The trial justice obviously construed the statute to mean precisely what it says. The question he had to determine in the circumstances was not merely whether the limitation which he found to exist in some degree in both the thumb and the wrist made them stiff within the meaning of the statute but also whether they had become useless solely as a result of such limitation of motion. In our opinion he correctly applied the rule of law to the facts as found. Granted, as petitioner argues, that the ordinary meaning of the word "stiff" according to Webster's New International Dictionary (2d ed.) 1946, p. 2475, is "Not moving with ease; not limber; bending with difficulty" and that under such definition both his thumb and wrist are stiff, this does not solve the problem. The further question remains whether the degree of stiffness of itself is such as to render the thumb or wrist useless. As we read the transcript there is evidence from which the trial justice could find as he did that it was the almost total loss of petitioner's right hand, or as he termed it "absence of the hand," and not solely the stiffness of the thumb or wrist which rendered them useless.

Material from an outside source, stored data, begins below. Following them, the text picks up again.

lemma transversals_in_blowups:
  assumes "length ss = length Zs" "g \<in> blowups G Zs ss"
  shows "list_all2 (\<lambda>l (Z, s). l \<in> words Z s) g (zip Zs ss)"
    and "\<And>\<sigma>. list_all2 (<) \<sigma> ss \<Longrightarrow> map2 (!) g \<sigma> \<in> G"
  using assms
proof (induction Zs arbitrary: G ss g)
  case Nil
  { case 1 then show ?case by (simp split: if_splits) }
  { case 2 then show ?case by (simp split: if_splits) }
next
  case (Cons Z Zs)
  { case 1
    then obtain s ss' l g' where "ss = s # ss'" "g = l # g'" "l \<in> words Z s"
      "g' \<in> blowups (common_link G l) Zs ss'" by (cases ss) auto
    then show ?case using Cons.IH(1) 1 by simp }
  { case (2 \<sigma>)
    then obtain s ss' l g' j \<sigma>' where ss: "ss = s # ss'" "g = l # g'" "l \<in> words Z s"
      "g' \<in> blowups (common_link G l) Zs ss'" "\<sigma> = j # \<sigma>'" "j < s" "list_all2 (<) \<sigma>' ss'"
      by (cases ss; cases \<sigma>) auto
    then have "map2 (!) g' \<sigma>' \<in> common_link G l" using Cons.IH(2) 2 by simp
    moreover have "l ! j \<in> set l" using ss by (simp add: words_def)
    ultimately show ?case using ss by (simp add: common_link_def) }
qed

lemma card_Int_eq_sum_indicator: "finite P \<Longrightarrow> card (A \<inter> P) = (\<Sum>y\<in>P. if y \<in> A then 1 else 0)"
  by (simp add: sum.inter_restrict[symmetric] Int_commute)

lemma sum_card_common_link_Int:
  assumes "finite Z" "finite P"
  shows "(\<Sum>l\<in>words Z s. card (common_link G l \<inter> P)) = (\<Sum>ys\<in>P. card {x\<in>Z. x # ys \<in> G} ^ s)"
proof -
  have "(\<Sum>l\<in>words Z s. card (common_link G l \<inter> P))
      = (\<Sum>ys\<in>P. \<Sum>l\<in>words Z s. if ys \<in> common_link G l then 1 else 0)"
    using assms(2) by (simp add: card_Int_eq_sum_indicator sum.swap[of _ P])
  also have "\<dots> = (\<Sum>ys\<in>P. card (words {x\<in>Z. x # ys \<in> G} s))"
  proof (rule sum.cong)
    fix ys
    have "{l \<in> words Z s. ys \<in> common_link G l} = words {x\<in>Z. x # ys \<in> G} s"
      by (auto simp: words_def common_link_def)
    then show "(\<Sum>l\<in>words Z s. if ys \<in> common_link G l then 1 else 0) = card (words {x\<in>Z. x # ys \<in> G} s)"
      using card_Int_eq_sum_indicator[OF finite_words[OF assms(1)], of "{l. ys \<in> common_link G l}" s]
      by (simp add: Int_def conj_commute)
  qed simp
  also have "\<dots> = (\<Sum>ys\<in>P. card {x\<in>Z. x # ys \<in> G} ^ s)"
    using assms by (simp add: card_words)
  finally show ?thesis .
qed

lemma card_Int_listset_Cons:
  assumes "\<forall>Z'\<in>set (Z # Zs). finite Z'"
  shows "card (G \<inter> listset (Z # Zs)) = (\<Sum>ys\<in>listset Zs. card {x\<in>Z. x # ys \<in> G})"
proof -
  have "G \<inter> listset (Z # Zs) = (\<lambda>(ys, x). x # ys) ` (SIGMA ys:listset Zs. {x\<in>Z. x # ys \<in> G})"
    by (auto simp: set_Cons_def)
  moreover have "inj_on (\<lambda>(ys, x). x # ys) (SIGMA ys:listset Zs. {x\<in>Z. x # ys \<in> G})"
    by (auto simp: inj_on_def)
  ultimately show ?thesis
    using assms finite_listset[of Zs] by (simp add: card_image card_SigmaI)
qed

lemma density_power_le_sum_density_common_link:
  assumes "\<forall>Z'\<in>set (Z # Zs). finite Z' \<and> Z' \<noteq> {}"
  shows "real (card Z) ^ s * density G (Z # Zs) ^ s \<le> (\<Sum>l\<in>words Z s. density (common_link G l) Zs)"
proof -
  define P where "P = listset Zs"
  define deg where "deg ys = real (card {x\<in>Z. x # ys \<in> G})" for ys
  have finite: "\<forall>Z'\<in>set (Z # Zs). finite Z'" using assms by simp
  then have fin: "finite Z" "finite P" using finite_listset[of Zs] by (auto simp: P_def)
  have P: "real (card P) > 0"
    using assms by (auto simp: P_def card_listset prod_list_zero_iff card_gt_0_iff)
  have Z: "real (card Z) > 0" using assms fin by (simp add: card_gt_0_iff)
  have "real (card Z) * density G (Z # Zs) = (\<Sum>ys\<in>P. deg ys) / real (card P)"
    using Z card_listset[of "Z # Zs"]
    unfolding density_def card_Int_listset_Cons[OF finite]
    by (simp add: P_def deg_def card_listset del: listset.simps)
  also have "\<dots> ^ s \<le> (\<Sum>ys\<in>P. deg ys ^ s) / real (card P)"
    using card_mult_power_mean_le_sum_power[of P deg s] fin P
    by (simp add: field_simps deg_def card_gt_0_iff)
  also have "\<dots> = (\<Sum>l\<in>words Z s. density (common_link G l) Zs)"
    using arg_cong[OF sum_card_common_link_Int[OF fin, of G s], of real]
    by (simp add: density_def P_def deg_def sum_divide_distrib[symmetric])
  finally show ?thesis by (simp add: power_mult_distrib)
qed

lemma density_power_mult_le_card_blowups:
  assumes "length ss = length Zs" "\<forall>Z\<in>set Zs. finite Z \<and> Z \<noteq> {}"
  shows "density G Zs ^ prod_list ss * (\<Prod>(Z, s)\<leftarrow>zip Zs ss. real (card Z) ^ s)
           \<le> real (card (blowups G Zs ss))"
  using assms
proof (induction Zs arbitrary: G ss)
  case Nil
  then show ?case by (simp add: density_def)
next
  case (Cons Z Zs)
  obtain s ss' where ss: "ss = s # ss'" and len: "length ss' = length Zs"
    using Cons.prems by (cases ss) auto
  define L where "L = words Z s"
  define T where "T = prod_list ss'"
  define W where "W = (\<Prod>(Z, s)\<leftarrow>zip Zs ss'. real (card Z) ^ s)"
  define a where "a l = density (common_link G l) Zs" for l
  have Z: "finite Z" "card Z > 0" using Cons.prems by (auto simp: card_gt_0_iff)
  then have L: "finite L" "real (card L) = real (card Z) ^ s" "L \<noteq> {}"
    using card_words[of Z s] by (auto simp: L_def finite_words)
  have "W \<ge> 0" unfolding W_def by (rule prod_list_nonneg) auto
  have "density G (Z # Zs) ^ s \<le> (\<Sum>l\<in>L. a l) / real (card L)"
    using density_power_le_sum_density_common_link[of Z Zs s G] Cons.prems Z(2)
    unfolding L(2) by (simp add: a_def L_def pos_le_divide_eq mult.commute)
  then have "real (card L) * (density G (Z # Zs) ^ s) ^ T
      \<le> real (card L) * ((\<Sum>l\<in>L. a l) / real (card L)) ^ T"
    by (intro mult_left_mono power_mono) (simp_all add: density_nonneg)
  also have "\<dots> \<le> (\<Sum>l\<in>L. a l ^ T)"
    using card_mult_power_mean_le_sum_power[of L a T] L by (simp add: a_def density_nonneg)
  finally have "real (card L) * (density G (Z # Zs) ^ s) ^ T * W \<le> (\<Sum>l\<in>L. a l ^ T * W)"
    using \<open>W \<ge> 0\<close> by (simp add: mult_right_mono flip: sum_distrib_right)
  also have "\<dots> \<le> (\<Sum>l\<in>L. real (card (blowups (common_link G l) Zs ss')))"
    using Cons.IH[OF len] Cons.prems by (intro sum_mono) (simp add: a_def T_def W_def)
  also have "\<dots> = real (card (blowups G (Z # Zs) ss))"
    using card_blowups_Cons[of Z Zs G ss] Cons.prems by (simp add: ss L_def del: blowups.simps)
  finally show ?case
    using L by (simp add: ss T_def W_def power_mult ac_simps del: blowups.simps)
qed

section \<open>Homomorphisms respecting a partition into parts\<close>

definition partite_homs ::
  "'b set \<Rightarrow> 'b set set \<Rightarrow> 'a set set \<Rightarrow> ('b \<Rightarrow> nat) \<Rightarrow> (nat \<Rightarrow> 'a set) \<Rightarrow> ('b \<Rightarrow> 'a) set" where
  "partite_homs VF EF E c Z = {\<phi> \<in> Pi\<^sub>E VF (\<lambda>v. Z (c v)). \<forall>e\<in>EF. \<phi> ` e \<in> E}"

lemma finite_partite_homs:
  assumes "finite VF" "\<And>v. v \<in> VF \<Longrightarrow> finite (Z (c v))"
  shows "finite (partite_homs VF EF E c Z)"
  by (rule finite_subset[OF _ finite_PiE[OF assms]]) (auto simp: partite_homs_def)

lemma kpartite_realisation_edge_eq_image:
  assumes "kpartite_realisation k VF EF c" "e \<in> EF" "e \<subseteq> VF"
  obtains w where "e = w ` {..<k}" "\<And>i. i < k \<Longrightarrow> w i \<in> e \<and> c (w i) = i"
proof -
  have unique: "\<exists>!v. v \<in> e \<and> c v = i" if i: "i < k" for i
  proof -
    have "card {v\<in>e. c v = i} = 1" using assms i unfolding kpartite_realisation_def by blast
    then obtain x where "{v\<in>e. c v = i} = {x}" by (auto simp: card_1_singleton_iff)
    then show ?thesis by (metis (mono_tags, lifting) mem_Collect_eq singletonD singletonI)
  qed
  then obtain w where w: "\<And>i. i < k \<Longrightarrow> w i \<in> e \<and> c (w i) = i" by metis
  have "e = w ` {..<k}"
  proof
    show "e \<subseteq> w ` {..<k}"
    proof
      fix v assume "v \<in> e"
      then have "c v < k" using assms unfolding kpartite_realisation_def by auto
      then show "v \<in> w ` {..<k}" using unique w \<open>v \<in> e\<close> by blast
    qed
  qed (use w in auto)
  with w that show thesis by blast
qed

lemma obtain_class_enumeration:
  assumes "finite V"
  obtains idx :: "'b \<Rightarrow> nat" where
    "\<And>v. v \<in> V \<Longrightarrow> idx v < card {u\<in>V. c u = c v}"
    "\<And>i j. j < card {u\<in>V. c u = i} \<Longrightarrow> \<exists>v\<in>V. c v = i \<and> idx v = j"
proof -
  have "\<exists>h. bij_betw h {u\<in>V. c u = i} {..<card {u\<in>V. c u = i}}" for i
    using assms ex_bij_betw_finite_nat[of "{u\<in>V. c u = i}"] by (auto simp: atLeast0LessThan)
  then obtain h where h: "\<And>i. bij_betw (h i) {u\<in>V. c u = i} {..<card {u\<in>V. c u = i}}" by metis
  show thesis
  proof
    show "h (c v) v < card {u\<in>V. c u = c v}" if "v \<in> V" for v
      using h[of "c v"] that by (auto dest: bij_betwE)
    show "\<exists>v\<in>V. c v = i \<and> h (c v) v = j" if "j < card {u\<in>V. c u = i}" for i j
      using h[of i] that by (force simp: bij_betw_def)
  qed
qed

lemma sum_card_classes:
  fixes k :: nat
  assumes "finite VF" "\<And>v. v \<in> VF \<Longrightarrow> c v < k"
  shows "(\<Sum>i<k. card {v\<in>VF. c v = i}) = card VF"
proof -
  have "VF = (\<Union>i<k. {v\<in>VF. c v = i})" using assms(2) by auto
  moreover have "card (\<Union>i<k. {v\<in>VF. c v = i}) = (\<Sum>i<k. card {v\<in>VF. c v = i})"
    using assms(1) by (intro card_UN_disjoint) auto
  ultimately show ?thesis by simp
qed

lemma blowup_entries_in_partite_homs:
  assumes "is_kgraph k VF EF" "kpartite_realisation k VF EF c"
    and idx: "\<And>v. v \<in> VF \<Longrightarrow> idx v < card {u\<in>VF. c u = c v}"
    and g: "g \<in> blowups {ys \<in> listset (map Z [0..<k]). set ys \<in> E} (map Z [0..<k])
                 (map (\<lambda>i. card {v\<in>VF. c v = i}) [0..<k])"
    (is "g \<in> blowups ?G ?Zs ?ss")
  shows "(\<lambda>v\<in>VF. g ! c v ! idx v) \<in> partite_homs VF EF E c Z"
proof -
  have VF: "\<And>e. e \<in> EF \<Longrightarrow> e \<subseteq> VF" "\<And>v. v \<in> VF \<Longrightarrow> c v < k"
    using assms(1,2) by (auto simp: is_kgraph_def kpartite_realisation_def)
  have len: "length ?ss = length ?Zs" by simp
  have words: "length g = k" "\<And>i. i < k \<Longrightarrow> g ! i \<in> words (Z i) (card {v\<in>VF. c v = i})"
    using transversals_in_blowups(1)[OF len g] by (auto simp: list_all2_conv_all_nth)
  have "(\<lambda>v\<in>VF. g ! c v ! idx v) ` e \<in> E" if e: "e \<in> EF" for e
  proof -
    obtain w where w: "e = w ` {..<k}" "\<And>i. i < k \<Longrightarrow> w i \<in> e \<and> c (w i) = i"
      using kpartite_realisation_edge_eq_image[OF assms(2) e VF(1)[OF e]] by metis
    define \<sigma> where "\<sigma> = map (\<lambda>i. idx (w i)) [0..<k]"
    have "idx (w i) < card {v\<in>VF. c v = i}" if "i < k" for i
      using idx[of "w i"] w(2)[OF that] VF(1)[OF e] by auto
    then have "list_all2 (<) \<sigma> ?ss" by (simp add: \<sigma>_def list_all2_conv_all_nth)
    then have "map2 (!) g \<sigma> \<in> ?G" by (rule transversals_in_blowups(2)[OF len g])
    moreover have "map2 (!) g \<sigma> = map (\<lambda>i. g ! c (w i) ! idx (w i)) [0..<k]"
      using words(1) w by (intro nth_equalityI) (auto simp: \<sigma>_def)
    moreover have "(\<lambda>v\<in>VF. g ! c v ! idx v) ` e = (\<lambda>v. g ! c v ! idx v) ` e"
      using VF(1)[OF e] by (intro image_cong) auto
    ultimately show ?thesis by (simp add: w(1) image_image atLeast0LessThan)
  qed
  moreover have "g ! c v ! idx v \<in> Z (c v)" if "v \<in> VF" for v
    using words(2)[OF VF(2)[OF that]] idx[OF that] by (auto simp: words_def)
  ultimately show ?thesis by (auto simp: partite_homs_def)
qed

But the petitioner argues that the legislature could not have intended that its language should be given such a construction, because in 1947 it amended the pertinent paragraph of § 12 with which we are concerned here to read as follows: "Where any bodily member or portion thereof has been rendered permanently stiff so as to be useless, or permanently useless, compensation in accordance with the above schedule shall be paid as if the member or portion thereof had been severed completely." Public laws 1947, chap. 1941. It is true that by virtue of that amendment compensation may now be granted where the bodily member has been rendered "permanently useless" but of course such subsequent legislation cannot be used retroactively to give the language of the section the broader scope which it now imports as amended. On the contrary such legislative action shows, if anything, that the prior language, in the opinion of the legislature itself, was not reasonably susceptible to such interpretation and therefore it was necessary to legislate further in order to give the statute a broader scope.
Petitioner has also cited the recent case of Vick v. Aubin, 73 R.I. 508, in support of his contention that under a reasonable or liberal construction of the original language of the section "absolute stiffness or rigidity" need not be shown to warrant compensation. That case is not at variance with what is decided here. There at page 513 it was held that we should give the words "rendered stiff so as to be useless" their ordinary meaning and that in the absence of any definition prescribing the amount or degree of stiffness it should be considered such as to cause the member to be useless. The trial justice to all intents and purposes followed that method in reaching his decision and in our opinion he did not err in doing so.
The petitioner's appeal is denied and dismissed, the decree appealed from is affirmed, and the cause is remanded to the superior court for further proceedings.